Japan’s trade and industry ministry will discuss imposing caps on greenhouse gas emissions as part of a review of measures to combat global warming after the Kyoto protocol expires in 2012.
The review, to be completed by June, has led to speculation that the trade ministry (Meti) may be preparing to reverse its objection to a cap-and-trade system. Until now it has backed big business’ insistence on a voluntary scheme.
Masakazu Toyoda, vice-minister for international affairs, denied in an interview with the Financial Times that policy had changed. “Meti will review various economic measures to deal with climate change, and cap and trade won’t be excluded.”
He added, however, compulsory caps were incompatible with Japan’s main diplomatic ambition of getting India, China and the US to sign up to a post-Kyoto protocol. “If cap and trade were digestible for the major developing economies and the US, it might be workable. But there is no sense of that happening yet.”
Tokyo wants to make climate change a central theme of the Group of Eight summit in July. Yasuo Fukuda, prime minister, wrote in the FT last month that he intended to “spell out how Japan will set its own national target to reduce greenhouse gas emissions”. He said it would help define a structure that “must include China, India, the US and other mega-emitters”.
Mr Toyoda said a hybrid international system would probably emerge in which some countries, particularly in Europe, imposed domestic caps while others stuck to voluntary commitments.
Tokyo, he said, would “probably not” opt for cap and trade. “We have a quite workable system of reductions on a voluntary basis. Japanese companies prefer to stick to that and I think that their performance is rather good.”
Japan is looking at ways to help its electric power producers meet voluntary caps agreed under the Kyoto framework. A separate Meti commission is examining whether to allow the utilities, responsible for about 30 per cent of Japanese CO2 emissions, to buy and sell credits through Tokyo’s wholesale power exchange.
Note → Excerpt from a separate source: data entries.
(* Suppose $k^2$ is not real. Let $u \in C^2(\mathcal{X}, F^i)$ and $f \in C^2(\mathcal{X}, F^{i+1})$ satisfy $M^i(u, f) = 0$ in $\mathcal{X}$. Either of the conditions $t(u) = 0$ and $n(f) = 0$ on $\partial\mathcal{X}$ implies $(u, f) \equiv 0$ in all of $\mathcal{X}$.
   Context: $\mathcal{X}$ is a compact manifold with boundary (with smooth positive volume form), carrying an elliptic complex of first order differential operators $A^i: C^\infty(\mathcal{X},F^i)\to C^\infty(\mathcal{X},F^{i+1})$, $A^{i+1}A^i=0$, between Hermitian vector bundles, with formal adjoints $A^{i*}$. The Maxwell operator at step $i$ is $M^i = \begin{pmatrix} \imath k & A^{i*} \\ A^i & -\imath k \end{pmatrix}$ with $k$ a complex number. $t(u)$ denotes the tangential part of $u$ and $n(f)$ the normal part of $f$ on $\partial\mathcal{X}$ relative to the complex (so that Green's formula $(Au,g)=(u,A^*g)$ holds when $t(u)=0$ or $n(g)=0$). *)

theory Defs
  imports "HOL-Analysis.Analysis"
begin

text \<open>Abstract rendering of the analytic setting of the paper.
  'u : continuous sections of F^i over X, 'f : continuous sections of F^(i+1).
  Cu, Cf : the subspaces of C^2 sections.  scU, scF : multiplication by complex scalars.
  ipU, ipF : the L2 inner products (u,v) = integral over X of h(u,v) dvol,
  linear in the first and conjugate linear in the second argument.
  A : the first order operator A^i, As : its formal adjoint A^(i*).
  t : tangential part on the boundary, n : normal part on the boundary.\<close>

definition complex_vs :: "(complex \<Rightarrow> 'v::ab_group_add \<Rightarrow> 'v) \<Rightarrow> bool" where
  "complex_vs sc \<longleftrightarrow>
     (\<forall>a b v. sc a (b + v) = sc a b + sc a v) \<and>
     (\<forall>a b v. sc (a + b) v = sc a v + sc b v) \<and>
     (\<forall>a b v. sc a (sc b v) = sc (a * b) v) \<and>
     (\<forall>v. sc 1 v = v)"

definition hermitian_ip ::
  "(complex \<Rightarrow> 'v::ab_group_add \<Rightarrow> 'v) \<Rightarrow> ('v \<Rightarrow> 'v \<Rightarrow> complex) \<Rightarrow> bool" where
  "hermitian_ip sc ip \<longleftrightarrow>
     (\<forall>u v w. ip (u + v) w = ip u w + ip v w) \<and>
     (\<forall>a u w. ip (sc a u) w = a * ip u w) \<and>
     (\<forall>u w. ip w u = cnj (ip u w)) \<and>
     (\<forall>u. ip u u \<in> \<real> \<and> Re (ip u u) \<ge> 0) \<and>
     (\<forall>u. ip u u = 0 \<longrightarrow> u = 0)"

definition complex_linear ::
  "(complex \<Rightarrow> 'v::ab_group_add \<Rightarrow> 'v) \<Rightarrow> (complex \<Rightarrow> 'w::ab_group_add \<Rightarrow> 'w) \<Rightarrow> 'v set \<Rightarrow> ('v \<Rightarrow> 'w) \<Rightarrow> bool" where
  "complex_linear scV scW S L \<longleftrightarrow>
     (\<forall>u\<in>S. \<forall>v\<in>S. L (u + v) = L u + L v) \<and> (\<forall>a. \<forall>u\<in>S. L (scV a u) = scW a (L u))"

definition subspace_of :: "(complex \<Rightarrow> 'v::ab_group_add \<Rightarrow> 'v) \<Rightarrow> 'v set \<Rightarrow> bool" where
  "subspace_of sc S \<longleftrightarrow> 0 \<in> S \<and> (\<forall>u\<in>S. \<forall>v\<in>S. u + v \<in> S) \<and> (\<forall>a. \<forall>u\<in>S. sc a u \<in> S)"

text \<open>The data of step i of the complex together with Green's formula
  (A u, g) = (u, A^* g) whenever t(u) = 0 or n(g) = 0.\<close>
definition green_setting ::
  "(complex \<Rightarrow> 'u::ab_group_add \<Rightarrow> 'u) \<Rightarrow> (complex \<Rightarrow> 'f::ab_group_add \<Rightarrow> 'f) \<Rightarrow>
   ('u \<Rightarrow> 'u \<Rightarrow> complex) \<Rightarrow> ('f \<Rightarrow> 'f \<Rightarrow> complex) \<Rightarrow> 'u set \<Rightarrow> 'f set \<Rightarrow>
   ('u \<Rightarrow> 'f) \<Rightarrow> ('f \<Rightarrow> 'u) \<Rightarrow> ('u \<Rightarrow> 'bt::zero) \<Rightarrow> ('f \<Rightarrow> 'bn::zero) \<Rightarrow> bool" where
  "green_setting scU scF ipU ipF Cu Cf A As t n \<longleftrightarrow>
     complex_vs scU \<and> complex_vs scF \<and> hermitian_ip scU ipU \<and> hermitian_ip scF ipF \<and>
     subspace_of scU Cu \<and> subspace_of scF Cf \<and>
     complex_linear scU scF Cu A \<and> complex_linear scF scU Cf As \<and>
     (\<forall>u\<in>Cu. \<forall>g\<in>Cf. (t u = 0 \<or> n g = 0) \<longrightarrow> ipF (A u) g = ipU u (As g))"

text \<open>Maxwell operator M^i = [[ik, A^*],[A, -ik]] applied to (u,f).\<close>
definition maxwell ::
  "(complex \<Rightarrow> 'u::ab_group_add \<Rightarrow> 'u) \<Rightarrow> (complex \<Rightarrow> 'f::ab_group_add \<Rightarrow> 'f) \<Rightarrow>
   ('u \<Rightarrow> 'f) \<Rightarrow> ('f \<Rightarrow> 'u) \<Rightarrow> complex \<Rightarrow> 'u \<Rightarrow> 'f \<Rightarrow> 'u \<times> 'f" where
  "maxwell scU scF A As k u f = (scU (\<i> * k) u + As f, A u + scF (- \<i> * k) f)"

end

theory Submission
  imports Defs
begin

text \<open>For a solution of the Maxwell system, Green's formula turns the equations
  A u = \<i>k f and A^* f = -\<i>k u into the energy identity k (f, f) = cnj k (u, u).
  Taking moduli gives (f, f) = (u, u), and if this common norm were nonzero the identity
  would force k = cnj k, i.e. k real, contradicting k^2 non-real.\<close>

lemma complex_vs_scale_zero:
  assumes "complex_vs sc"
  shows "sc 0 v = 0"
proof -
  have "sc (0 + 0) v = sc 0 v + sc 0 v"
    using assms unfolding complex_vs_def by blast
  then show ?thesis by simp
qed

lemma complex_vs_scale_minus:
  assumes "complex_vs sc"
  shows "sc (- a) v = - sc a v"
proof -
  have "sc (a + - a) v = sc a v + sc (- a) v"
    using assms unfolding complex_vs_def by blast
  hence "sc a v + sc (- a) v = 0"
    by (simp add: complex_vs_scale_zero[OF assms])
  then show ?thesis
    by (metis add.commute add_eq_0_iff2)
qed

lemma maxwell_eq_zero_iff:
  assumes "complex_vs scU" and "complex_vs scF"
  shows "maxwell scU scF A As k u f = (0, 0) \<longleftrightarrow>
           A u = scF (\<i> * k) f \<and> As f = scU (- (\<i> * k)) u"
proof -
  have "scF (- \<i> * k) f = - scF (\<i> * k) f"
    using complex_vs_scale_minus[OF assms(2)] by simp
  moreover have "scU (- (\<i> * k)) u = - scU (\<i> * k) u"
    using complex_vs_scale_minus[OF assms(1)] .
  ultimately show ?thesis
    unfolding maxwell_def by (auto simp: add_eq_0_iff2 add.commute)
qed

lemma hermitian_ip_scale_left:
  assumes "hermitian_ip sc ip"
  shows "ip (sc a u) v = a * ip u v"
  using assms unfolding hermitian_ip_def by blast

lemma hermitian_ip_scale_right:
  assumes "hermitian_ip sc ip"
  shows "ip u (sc a v) = cnj a * ip u v"
proof -
  have "ip u (sc a v) = cnj (ip (sc a v) u)"
    using assms unfolding hermitian_ip_def by blast
  also have "\<dots> = cnj a * cnj (ip v u)"
    by (simp add: hermitian_ip_scale_left[OF assms])
  also have "cnj (ip v u) = ip u v"
    using assms unfolding hermitian_ip_def by metis
  finally show ?thesis .
qed

lemma hermitian_ip_self_eq_zero:
  assumes "hermitian_ip sc ip" and "ip v v = 0"
  shows "v = 0"
  using assms unfolding hermitian_ip_def by blast

lemma hermitian_ip_self_eq_of_real:
  assumes "hermitian_ip sc ip"
  obtains r where "ip v v = complex_of_real r" and "r \<ge> 0"
  using assms unfolding hermitian_ip_def by (metis Reals_cases Re_complex_of_real)

lemma maxwell_energy_identity:
  assumes "green_setting scU scF ipU ipF Cu Cf A As t n"
    and "u \<in> Cu" and "f \<in> Cf"
    and "maxwell scU scF A As k u f = (0, 0)"
    and "t u = 0 \<or> n f = 0"
  shows "k * ipF f f = cnj k * ipU u u"
proof -
  have vs: "complex_vs scU" "complex_vs scF"
    and herm: "hermitian_ip scU ipU" "hermitian_ip scF ipF"
    and green: "ipF (A u) f = ipU u (As f)"
    using assms(1,2,3,5) unfolding green_setting_def by auto
  have "A u = scF (\<i> * k) f" and "As f = scU (- (\<i> * k)) u"
    using assms(4) maxwell_eq_zero_iff[OF vs] by auto
  with green have "\<i> * k * ipF f f = cnj (- (\<i> * k)) * ipU u u"
    by (simp add: hermitian_ip_scale_left[OF herm(2)] hermitian_ip_scale_right[OF herm(1)])
  then show ?thesis by simp
qed

lemma nonneg_balance_nonreal_eq_zero:
  fixes k :: complex and a b :: real
  assumes "k \<notin> \<real>" and "a \<ge> 0" and "b \<ge> 0"
    and balance: "k * a = cnj k * b"
  shows "a = 0 \<and> b = 0"
proof -
  have "k \<noteq> 0" using assms(1) by auto
  have "cmod k * a = cmod k * b"
    using arg_cong[OF balance, of cmod] assms(2,3) by (simp add: norm_mult)
  with \<open>k \<noteq> 0\<close> have "a = b" by simp
  show ?thesis
  proof (rule ccontr)
    assume "\<not> (a = 0 \<and> b = 0)"
    with \<open>a = b\<close> balance have "k = cnj k" by simp
    with assms(1) show False by (metis Reals_cnj_iff)
  qed
qed

theorem lemma3p1:
  fixes scU :: "complex \<Rightarrow> 'u::ab_group_add \<Rightarrow> 'u" and scF :: "complex \<Rightarrow> 'f::ab_group_add \<Rightarrow> 'f"
    and ipU :: "'u \<Rightarrow> 'u \<Rightarrow> complex" and ipF :: "'f \<Rightarrow> 'f \<Rightarrow> complex"
    and Cu :: "'u set" and Cf :: "'f set" and A :: "'u \<Rightarrow> 'f" and As :: "'f \<Rightarrow> 'u"
    and t :: "'u \<Rightarrow> 'bt::zero" and n :: "'f \<Rightarrow> 'bn::zero"
    and k :: complex and u :: 'u and f :: 'f
  assumes "green_setting scU scF ipU ipF Cu Cf A As t n"
    and "k\<^sup>2 \<notin> \<real>"
    and "u \<in> Cu" and "f \<in> Cf"
    and "maxwell scU scF A As k u f = (0, 0)"
    and "t u = 0 \<or> n f = 0"
  shows "u = 0 \<and> f = 0"
proof -
  have herm: "hermitian_ip scU ipU" "hermitian_ip scF ipF"
    using assms(1) unfolding green_setting_def by auto
  obtain U where U: "ipU u u = complex_of_real U" "U \<ge> 0"
    using hermitian_ip_self_eq_of_real[OF herm(1)] .
  obtain F where F: "ipF f f = complex_of_real F" "F \<ge> 0"
    using hermitian_ip_self_eq_of_real[OF herm(2)] .
  have "k \<notin> \<real>" using assms(2) by auto
  moreover have "k * F = cnj k * U"
    using maxwell_energy_identity[OF assms(1,3-6)] U F by simp
  ultimately have "F = 0" and "U = 0"
    using nonneg_balance_nonreal_eq_zero U F by blast+
  then show ?thesis
    using U F hermitian_ip_self_eq_zero[OF herm(1)] hermitian_ip_self_eq_zero[OF herm(2)] by simp
qed

end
The country’s overall emissions are running at 6.4 per cent above 1990 levels, although Tokyo has pledged to cut that to 6 per cent below the 1990 baseline.
Power companies have committed to a 20 per cent reduction by 2010 but shutdowns at nuclear plants have forced them to rely more on coal, and most “are not going to hit that target”, Meti said. “The idea is that if a company over-achieved it could sell offsets to a company that was behind.”
While the proposal would not directly help Japan to hit its Kyoto target, being limited to domestic power producers, it could promote energy efficiency by putting a cash value on companies’ emissions-cutting efforts.